Joshua Palmatier guest-blogged at Magical Words today, about the creation and the deployment of religion in fantasy fiction:

Pretty much any time you get a group of people (or aliens) together, there’s going to be a religion involved or invented. It’s an inherent part of the human psyche. We have this inevitable urge to try to explain the world around us, to give it meaning and reason and order, and when we don’t have an explanation for how something in the world works, we invent a reason, usually in the form of a religion. We do this for a bunch of reasons, all of which are correct and none of which can be singled out as the “main” reason why we have religions in the first place. We like to have reasons for why things behave the way they behave, even if we have to invent a god or two to be that reason, but we also use religion to give the society structure, to give it a moral code, to explain what happens after we die, and to give us hope for something good or something better out there, something we can strive for. We also invent religions to help explain evil, to personify the randomness of the “bad things” that plague us, even if those “bad things” aren’t human in origin, such as earthquakes and plagues of locusts.

His post about this ‘need’ for religion is well written and thought provoking –

– and for me that’s a starting gun.

I concede that there’s a basic human tendency to need — or desire — to believe in Something Larger than oneself. But that doesn’t automagically mean a religion will arise from that desire or need. Maybe a school of philosophy would be born, instead, or the beginnings of science could be birthed by those first, vital questions about human existence and purpose.

And maybe they were — and maybe they were pulverized into oblivion by ‘religion’, wielded by those who fear Free Thought and Critical Thinking,…

… Dark Ages, anyone?

But I’ve always seen ‘organised religion’ as an artificial social construct for the control and/or exploitation of the masses, by those who feel it’s their right to do so. And it’s too easy to excuse behaviour by insisting ‘the Evil One made me do it’, or justify abuses in the name of religion — not exactly a sign of mature thought or personal responsibility, is it?

Not every culture has this thing called ‘religion’ — despite its various forms it isn’t global, much less universal.

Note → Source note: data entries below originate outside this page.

theorem mainTheorem12:
  fixes M :: "'a measure"
    and A :: "real ^ 'n ^ 'd"
    and x :: "'a \<Rightarrow> real ^ 'n"
    and p \<alpha> :: real
    and u v :: "real ^ 'd"
    and i :: 'n
  assumes "prob_space M"
    and orth: "transpose A ** A = mat 1"
    and meas: "\<And>j. (\<lambda>\<omega>. x \<omega> $ j) \<in> borel_measurable M"
    and int4: "\<And>j. integrable M (\<lambda>\<omega>. (x \<omega> $ j) ^ 4)"
    and nonsq: "\<And>j k l m. \<not> is_square_monomial j k l m \<Longrightarrow>
                  (LINT \<omega>|M. x \<omega> $ j * x \<omega> $ k * x \<omega> $ l * x \<omega> $ m) = 0"
    and p_def: "\<And>j. (LINT \<omega>|M. (x \<omega> $ j) ^ 4) = p"
    and cross: "\<And>j k. j \<noteq> k \<Longrightarrow> (LINT \<omega>|M. (x \<omega> $ j)^2 * (x \<omega> $ k)^2) \<le> \<alpha> * p"
    and p_pos: "p > 0"
    and alpha_nonneg: "\<alpha> \<ge> 0"
    and u_unit: "norm u = 1"
    and u_close: "(u \<bullet> column i A)^2 \<ge> 0.99"
    and v_top: "is_top_unit_eigenvector
                  (reshape_T_uu (fourth_moment_tensor M (\<lambda>\<omega>. A *v x \<omega>)) u) v"
  shows "(v \<bullet> column i A)^2 \<ge> 1 - 16 * \<alpha>"
proof -
  define s where "s = (\<lambda>j l. LINT \<omega>|M. (x \<omega> $ j)\<^sup>2 * (x \<omega> $ l)\<^sup>2)"
  have ints: "integrable M (\<lambda>\<omega>. x \<omega> $ j * x \<omega> $ k * x \<omega> $ l * x \<omega> $ m)" for j k l m
    by (intro integrable_prod4 meas int4)
  show ?thesis
  proof (rule top_eigenvector_concentrates[OF transpose_reshape_T_uu_fourth_moment v_top orth])
    show "w \<bullet> (reshape_T_uu (fourth_moment_tensor M (\<lambda>\<omega>. A *v x \<omega>)) u *v w) =
        pairing_form s (transpose A *v w) (transpose A *v u)" for w
      unfolding s_def by (rule quadratic_form_reshape_T_uu_linear_image[OF ints nonsq])
    show "s j j = p" for j
      using p_def[of j] by (simp add: s_def power2_eq_square power4_eq_xxxx mult.assoc)
    show "0 \<le> s j l" for j l
      unfolding s_def by (intro integral_nonneg_AE AE_I2) simp
    show "s j l \<le> \<alpha> * p" if "j \<noteq> l" for j l
      using cross[OF that] by (simp add: s_def)
  qed (use p_pos alpha_nonneg u_unit u_close in auto)
qed
theorem theorem1:
  fixes Q :: "'a set" and T U R P :: "('a \<times> 'a) set"
  assumes finQ: "finite Q"
    and TQ: "T \<subseteq> Q \<times> Q"
    and U_pre: "preorder_on Q U"
    and R_pre: "preorder_on Q R"
    and RU: "R \<subseteq> U"
    and R_stab: "converse T O R \<subseteq> U O converse T"
    and P_equiv: "equiv Q P"
    and PR: "P \<subseteq> R"
    and P_stab: "converse T O P \<subseteq> R O converse T"
    and P_coarsest: "\<And>P'. equiv Q P' \<Longrightarrow> P' \<subseteq> R \<Longrightarrow>
                       converse T O P' \<subseteq> R O converse T \<Longrightarrow> P' \<subseteq> P"
  defines "NotRel \<equiv> U - R"
  defines "NotRel' \<equiv> \<Union>{rel_class P c \<times> rel_class P d | b c d.
             b \<in> Q \<and> c \<in> Q \<and> d \<in> Q \<and> (c, b) \<in> T \<and> (c, d) \<in> R \<and>
             d \<in> converse T `` (NotRel `` {b}) \<and> d \<notin> converse T `` (R `` {b})}"
  defines "V \<equiv> R - NotRel'"
  defines "X \<equiv> {(c, d). \<exists>b\<in>Q. (c, b) \<in> maximal_trans T R \<and> (c, d) \<in> R \<and>
             d \<in> converse (maximal_trans T R) `` (NotRel `` {b}) \<and>
             d \<notin> converse (maximal_trans T R) `` (R `` {b})}"
  shows "NotRel' = X \<and>
         (\<forall>S. S \<subseteq> R \<and> is_simulation T S \<longrightarrow> S \<subseteq> V) \<and>
         converse T O V \<subseteq> R O converse T \<and>
         preorder_on Q V \<and>
         (V \<subseteq> R \<and> preorder_on Q V \<and> converse T O V \<subseteq> R O converse T) \<and>
         {rel_class V q | q. q \<in> Q} = {rel_class P q | q. q \<in> Q}"
proof -
  have P_refl: "\<And>q. q \<in> Q \<Longrightarrow> (q, q) \<in> P"
    using P_equiv unfolding equiv_def refl_on_def by blast
  have NotRel': "NotRel' = R - sim_refine T R"
    unfolding NotRel'_def NotRel_def
    using unmatched_eq_R_minus_sim_refine[OF TQ R_pre R_stab P_refl PR P_stab] .
  have X: "X = R - sim_refine T R"
    unfolding X_def NotRel_def
    using maximal_unmatched_eq_R_minus_sim_refine[OF finQ TQ U_pre R_pre RU R_stab] .
  have V: "V = sim_refine T R"
    unfolding V_def NotRel' using sim_refine_subset by blast
  have V_pre: "preorder_on Q V" unfolding V using preorder_on_sim_refine[OF TQ R_pre] .
  have VR: "V \<subseteq> R" and V_stab: "converse T O V \<subseteq> R O converse T"
    unfolding V by (rule sim_refine_subset, rule sim_refine_stable)
  have "P \<subseteq> V" unfolding V using PR P_stab by (rule subset_sim_refine_if_stable)
  then have "V \<inter> converse V = P"
    using coarsest_equiv_eq_sym_part[OF V_pre _ VR V_stab P_equiv P_coarsest] by blast
  then have "rel_class V q = rel_class P q" for q by (rule rel_class_eq_if_sym_part_eq)
  moreover have "S \<subseteq> V" if "S \<subseteq> R" "is_simulation T S" for S
    unfolding V using that by (rule simulation_subset_sim_refine)
  ultimately show ?thesis
    unfolding NotRel' X using V_pre VR V_stab by simp
qed

end
text \<open>
  Reflecting the columns preserves ES configurations, so every fact about a row has a mirror
  image. The key invariant: in every row, a run of empty lots \<open>a, a + 3, \<dots>, a + 3k\<close> that
  starts at a side-harmless gap is closed on the right by a house at \<open>a + 3k + 2\<close>. It holds
  in the first row because that row has no side-harmless gaps, and it passes from a row to the
  next one because a run that is not closed below forces a run in the row above that is not
  closed on the left, contradicting the mirrored invariant there.

  If row \<open>i + 2\<close> is \<open>101 101 \<dots> 101\<close>, then row \<open>i + 1\<close> is occupied at the columns
  \<open>\<equiv> 2 (mod 3)\<close> and exactly one of the columns \<open>3s, 3s + 1\<close> is occupied. An empty lot of
  row \<open>i\<close> at a column \<open>\<equiv> 0\<close> then forces, through the invariant, another such empty lot
  further to the right, which is absurd. By reflection the columns \<open>\<equiv> 1\<close> of row \<open>i\<close> are
  occupied as well, so a house at a column \<open>\<equiv> 2\<close> of row \<open>i\<close> would be blocked.
\<close>

lemma ES_gap_neighbours:
  assumes "ES m n C" "1 \<le> r" "r \<le> m" "1 \<le> c" "c \<le> n" "\<not> C r c"
  shows "2 \<le> c \<and> c + 1 \<le> n \<and> r + 1 \<le> m \<and> C r (c - 1) \<and> C r (c + 1) \<and> C (r + 1) c"
proof -
  have "blocked m n (add_house C r c) r c"
    using assms by (auto simp: ES_def resistant_predators_def in_grid_def)
  then show ?thesis
    by (auto simp: blocked_def add_house_def in_grid_def split: if_splits)
qed

lemma ES_occupied_above_gap:
  assumes "ES m n C" "1 \<le> r" "r + 1 \<le> m" "1 \<le> c" "c \<le> n" "\<not> C (r + 1) c"
  shows "C r c"
  using ES_gap_neighbours[OF assms(1,2) _ assms(4,5)] assms(3,6) by fastforce

lemma ES_empty_below_triple:
  assumes "ES m n C" "1 \<le> r" "r + 1 \<le> m" "2 \<le> c" "c + 1 \<le> n"
    and "C r (c - 1)" "C r c" "C r (c + 1)"
  shows "\<not> C (r + 1) c"
proof
  assume "C (r + 1) c"
  with assms have "blocked m n C r c"
    by (auto simp: blocked_def in_grid_def)
  moreover have "permissible m n C"
    using assms(1) by (simp add: ES_def maximal_def)
  ultimately show False
    using assms by (auto simp: permissible_def in_grid_def)
qed
(* Let $n\ge1$ and $\varepsilon_0>0$. For Lebesgue-almost every $\boldsymbol\alpha\in[0,1]^n$, for all $C\ge1$, all $\eta>0$ and all $T\ge1$, $$S_2^*(\boldsymbol\alpha,T)\ll_{n,\boldsymbol\alpha,C,\eta,\varepsilon_0}(\log\log T)^{2+n+\eta}(\log T)^n.$$
   Context: $\|x\|$ is the distance to the nearest integer and $\log x$ means $\log\max\{x,e\}$. For fixed $\varepsilon_0>0$, $C\ge1$, $\boldsymbol\alpha\in[0,1]^n$, $T\ge1$, $$S_2^*(\boldsymbol\alpha,T):=\sum\frac{1}{q\|q\alpha_1\|\cdots\|q\alpha_n\|},$$ the sum being over integers $0<q\le T$ with $(\log T)^{-n-\varepsilon_0}<q\|q\alpha_1\|\cdots\|q\alpha_n\|\le(\log T)^{C}$. *)

theory Defs
  imports "HOL-Analysis.Analysis"
begin

definition nint_dist :: "real \<Rightarrow> real" where
  "nint_dist x = \<bar>x - of_int (round x)\<bar>"

text \<open>The paper's convention: log x means log max{x, e}.\<close>
definition Lg :: "real \<Rightarrow> real" where
  "Lg x = ln (max x (exp 1))"

definition qprod :: "real^'n \<Rightarrow> nat \<Rightarrow> real" where
  "qprod \<alpha> q = real q * (\<Prod>i\<in>UNIV. nint_dist (real q * \<alpha> $ i))"

definition S2star :: "real \<Rightarrow> real \<Rightarrow> real^'n \<Rightarrow> real \<Rightarrow> real" where
  "S2star eps0 C \<alpha> T =
     (\<Sum>q \<in> {q. 0 < q \<and> real q \<le> T \<and>
                 Lg T powr (- real CARD('n) - eps0) < qprod \<alpha> q \<and>
                 qprod \<alpha> q \<le> Lg T powr C}.
        1 / qprod \<alpha> q)"

end

theory Submission
  imports Defs
begin

text \<open>A first-moment argument. Sorting the terms of \<open>S\<^sub>2\<^sup>*(\<alpha>, T)\<close> by the dyadic sizes
  \<open>\<parallel>q\<alpha>\<^sub>i\<parallel> \<approx> 2^-k\<^sub>i\<close> dominates the sum by weighted indicators of unions of boxes around the
  rationals \<open>a/q\<close>. Each weight is compensated by the volume of its boxes, so the integral over
  \<open>\<alpha>\<close> is \<open>\<Sum>\<^sub>q\<^sub>\<le>\<^sub>T 8^n/q\<close> times the number of admissible profiles \<open>k\<close>; the window
  \<open>(log T)^(-n-\<epsilon>\<^sub>0) < \<dots> \<le> (log T)^C\<close> leaves \<open>O(log log T \<cdot> (log T)^(n-1))\<close> of them, and the
  harmonic sum contributes one more \<open>log T\<close>. Along \<open>T\<^sub>k = exp (exp k)\<close>, Markov's inequality and
  Borel--Cantelli then give \<open>S\<^sub>2\<^sup>*(\<alpha>, T\<^sub>k) \<ll> k^3 e^(kn)\<close> for almost every \<open>\<alpha>\<close>, and monotonicity
  in \<open>T\<close> interpolates between consecutive \<open>T\<^sub>k\<close>.\<close>

lemma nint_dist_nonneg: "0 \<le> nint_dist x"
  by (simp add: nint_dist_def)

lemma nint_dist_le_half: "nint_dist x \<le> 1/2"
  using of_int_round_abs_le[of x] by (simp add: nint_dist_def abs_minus_commute)

definition rational_box_cover :: "nat \<Rightarrow> ('n::finite \<Rightarrow> real) \<Rightarrow> (real^'n) set" where
  "rational_box_cover q r = (\<Union>a \<in> PiE UNIV (\<lambda>_. {0..int q}).
     cbox (\<chi> i. (of_int (a i) - r i) / real q) (\<chi> i. (of_int (a i) + r i) / real q))"

lemma mem_rational_box_cover:
  fixes \<alpha> :: "real^'n::finite"
  assumes q: "q > 0" and cube: "\<forall>i. 0 \<le> \<alpha> $ i \<and> \<alpha> $ i \<le> 1"
    and r: "\<forall>i. nint_dist (real q * \<alpha> $ i) \<le> r i"
  shows "\<alpha> \<in> rational_box_cover q r"
proof -
  define a where "a = (\<lambda>i. round (real q * \<alpha> $ i))"
  have "0 \<le> a i \<and> a i \<le> int q" for i
  proof -
    have "round (0::real) \<le> a i" unfolding a_def using cube by (intro round_mono) simp
    moreover have "a i \<le> round (real q)" unfolding a_def using cube q
      by (intro round_mono) (simp add: mult_left_le)
    ultimately show ?thesis by simp
  qed
  then have a_in: "a \<in> PiE UNIV (\<lambda>_. {0..int q})" by auto
  have "\<alpha> \<in> cbox (\<chi> i. (of_int (a i) - r i) / real q) (\<chi> i. (of_int (a i) + r i) / real q)"
  proof (unfold mem_box_cart, intro allI)
    fix i
    have "\<bar>real q * \<alpha> $ i - of_int (a i)\<bar> \<le> r i"
      using r unfolding a_def nint_dist_def by auto
    then show "(\<chi> i. (of_int (a i) - r i) / real q) $ i \<le> \<alpha> $ i \<and>
        \<alpha> $ i \<le> (\<chi> i. (of_int (a i) + r i) / real q) $ i"
      using q by (auto simp: field_simps abs_le_iff)
  qed
  then show ?thesis unfolding rational_box_cover_def using a_in by blast
qed

lemma rational_box_cover_sets [measurable]: "rational_box_cover q r \<in> sets lborel"
  unfolding rational_box_cover_def by (intro sets.finite_UN) (auto intro!: finite_PiE)

lemma emeasure_rational_box_cover_le:
  fixes r :: "'n::finite \<Rightarrow> real"
  assumes q: "q > 0" and r: "\<forall>i. 0 \<le> r i"
  shows "emeasure lborel (rational_box_cover q r)
           \<le> ennreal ((real q + 1) ^ CARD('n) * (\<Prod>i\<in>UNIV. 2 * r i / real q))"
proof -
  let ?A = "PiE UNIV (\<lambda>_::'n. {0..int q})"
  let ?B = "\<lambda>a. cbox (\<chi> i. (of_int (a i) - r i) / real q) (\<chi> i. (of_int (a i) + r i) / real q)
                :: (real^'n) set"
  have "emeasure lborel (rational_box_cover q r) \<le> (\<Sum>a\<in>?A. emeasure lborel (?B a))"
    unfolding rational_box_cover_def
    by (rule emeasure_subadditive_finite) (auto intro!: finite_PiE)
  also have "\<dots> = (\<Sum>a\<in>?A. ennreal (\<Prod>i\<in>UNIV. 2 * r i / real q))"
  proof (rule sum.cong[OF refl])
    fix a
    have ne: "?B a \<noteq> {}" using r q
      by (auto simp: box_ne_empty(1) Basis_vec_def inner_axis cart_eq_inner_axis[symmetric]
          divide_right_mono)
    have "emeasure lborel (?B a) = ennreal (measure lborel (?B a))"
      using emeasure_lborel_cbox_finite by (intro emeasure_eq_ennreal_measure) (simp add: less_top)
    also have "measure lborel (?B a) = (\<Prod>i\<in>UNIV. 2 * r i / real q)"
      by (subst content_cbox_cart[OF ne])
        (auto intro!: prod.cong simp: diff_divide_distrib[symmetric])
    finally show "emeasure lborel (?B a) = ennreal (\<Prod>i\<in>UNIV. 2 * r i / real q)" .
  qed
  also have "\<dots> = of_nat ((q + 1) ^ CARD('n)) * ennreal (\<Prod>i\<in>UNIV. 2 * r i / real q)"
    by (simp add: card_PiE nat_add_distrib)
  also have "\<dots> = ennreal ((real q + 1) ^ CARD('n) * (\<Prod>i\<in>UNIV. 2 * r i / real q))"
    using r by (simp add: ennreal_mult' prod_nonneg ennreal_of_nat_eq_real_of_nat add.commute)
  finally show ?thesis .
qed

lemma dyadic_bracket_exists:
  fixes u :: real
  assumes "0 < u" "u \<le> 1"
  shows "\<exists>k::nat. (1/2) ^ Suc k < u \<and> u \<le> (1/2) ^ k"
proof -
  have ex: "\<exists>m::nat. (1/2) ^ m < u" using real_arch_pow_inv[OF assms(1), of "1/2"] by auto
  define m where "m = (LEAST m::nat. (1/2) ^ m < u)"
  have m: "(1/2::real) ^ m < u" unfolding m_def by (rule LeastI_ex[OF ex])
  then obtain k where mk: "m = Suc k" using assms(2) by (cases m) auto
  have "\<not> (1/2::real) ^ k < u"
    using not_less_Least[of k "\<lambda>m. (1/2::real) ^ m < u"] mk unfolding m_def by auto
  then show ?thesis using m mk by auto
qed

lemma prod_dyadic_bracket:
  fixes u :: "'n::finite \<Rightarrow> real" and k :: "'n \<Rightarrow> nat"
  assumes k: "\<And>i. (1/2) ^ Suc (k i) < u i \<and> u i \<le> (1/2) ^ k i"
  shows "(1/2) ^ (sum k UNIV + CARD('n)) < (\<Prod>i\<in>UNIV. u i)"
    and "(\<Prod>i\<in>UNIV. u i) \<le> (1/2) ^ sum k UNIV"
proof -
  have u_pos: "0 < u i" for i
    using k[of i] zero_less_power[of "1/2::real" "Suc (k i)"] by linarith
  have "(\<Prod>i\<in>UNIV. (1/2::real) ^ Suc (k i)) < (\<Prod>i\<in>UNIV. u i)"
  proof (rule prod_mono_strict[of undefined])
    fix i show "0 \<le> (1/2::real) ^ Suc (k i) \<and> (1/2) ^ Suc (k i) \<le> u i"
      using k[of i] by (simp del: power_Suc)
  qed (use k u_pos in auto)
  moreover have "(\<Sum>i\<in>UNIV. Suc (k i)) = sum k UNIV + CARD('n)"
    using sum.distrib[of k "\<lambda>_. 1::nat" UNIV] by simp
  ultimately show "(1/2) ^ (sum k UNIV + CARD('n)) < (\<Prod>i\<in>UNIV. u i)"
    by (metis power_sum)
  have "(\<Prod>i\<in>UNIV. u i) \<le> (\<Prod>i\<in>UNIV. (1/2::real) ^ k i)"
    using k u_pos by (intro prod_mono) (auto intro: less_imp_le)
  then show "(\<Prod>i\<in>UNIV. u i) \<le> (1/2) ^ sum k UNIV" by (simp add: power_sum)
qed

text \<open>A profile \<open>k\<close> stands for \<open>2^-(k i + 1) < \<parallel>q \<alpha>\<^sub>i\<parallel> \<le> 2^-k i\<close>; the two conditions are what
  \<open>L < qprod \<alpha> q \<le> U\<close> forces on such a profile.\<close>
definition dyadic_profiles :: "nat \<Rightarrow> real \<Rightarrow> real \<Rightarrow> ('n::finite \<Rightarrow> nat) set" where
  "dyadic_profiles q L U =
     {k. real q / U < 2 ^ (sum k UNIV + CARD('n)) \<and> 2 ^ sum k UNIV < real q / L}"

A truly civilised culture might have no ‘need’ for ‘religion’ — it could be evolved beyond a necessity for external monitors of one’s conscience . Acceptable behaviour could manifest itself without the manipulative threats of expulsion from the herd, or the cruel and sadistic promises of an eternal punishment [and what sick mind came up with that notion?]

Candidly, I have witnessed — and received — superior conduct and manners and courtesies from atheists than I ever have from any religious zealots. The argument that religion makes better people through intimidation does not stand up to the argument that thinking people know how to respect each other.

That’s my take on it. But then I’ve never been happy with anything or anyone that presumes a prerogative to stand between me and my maker.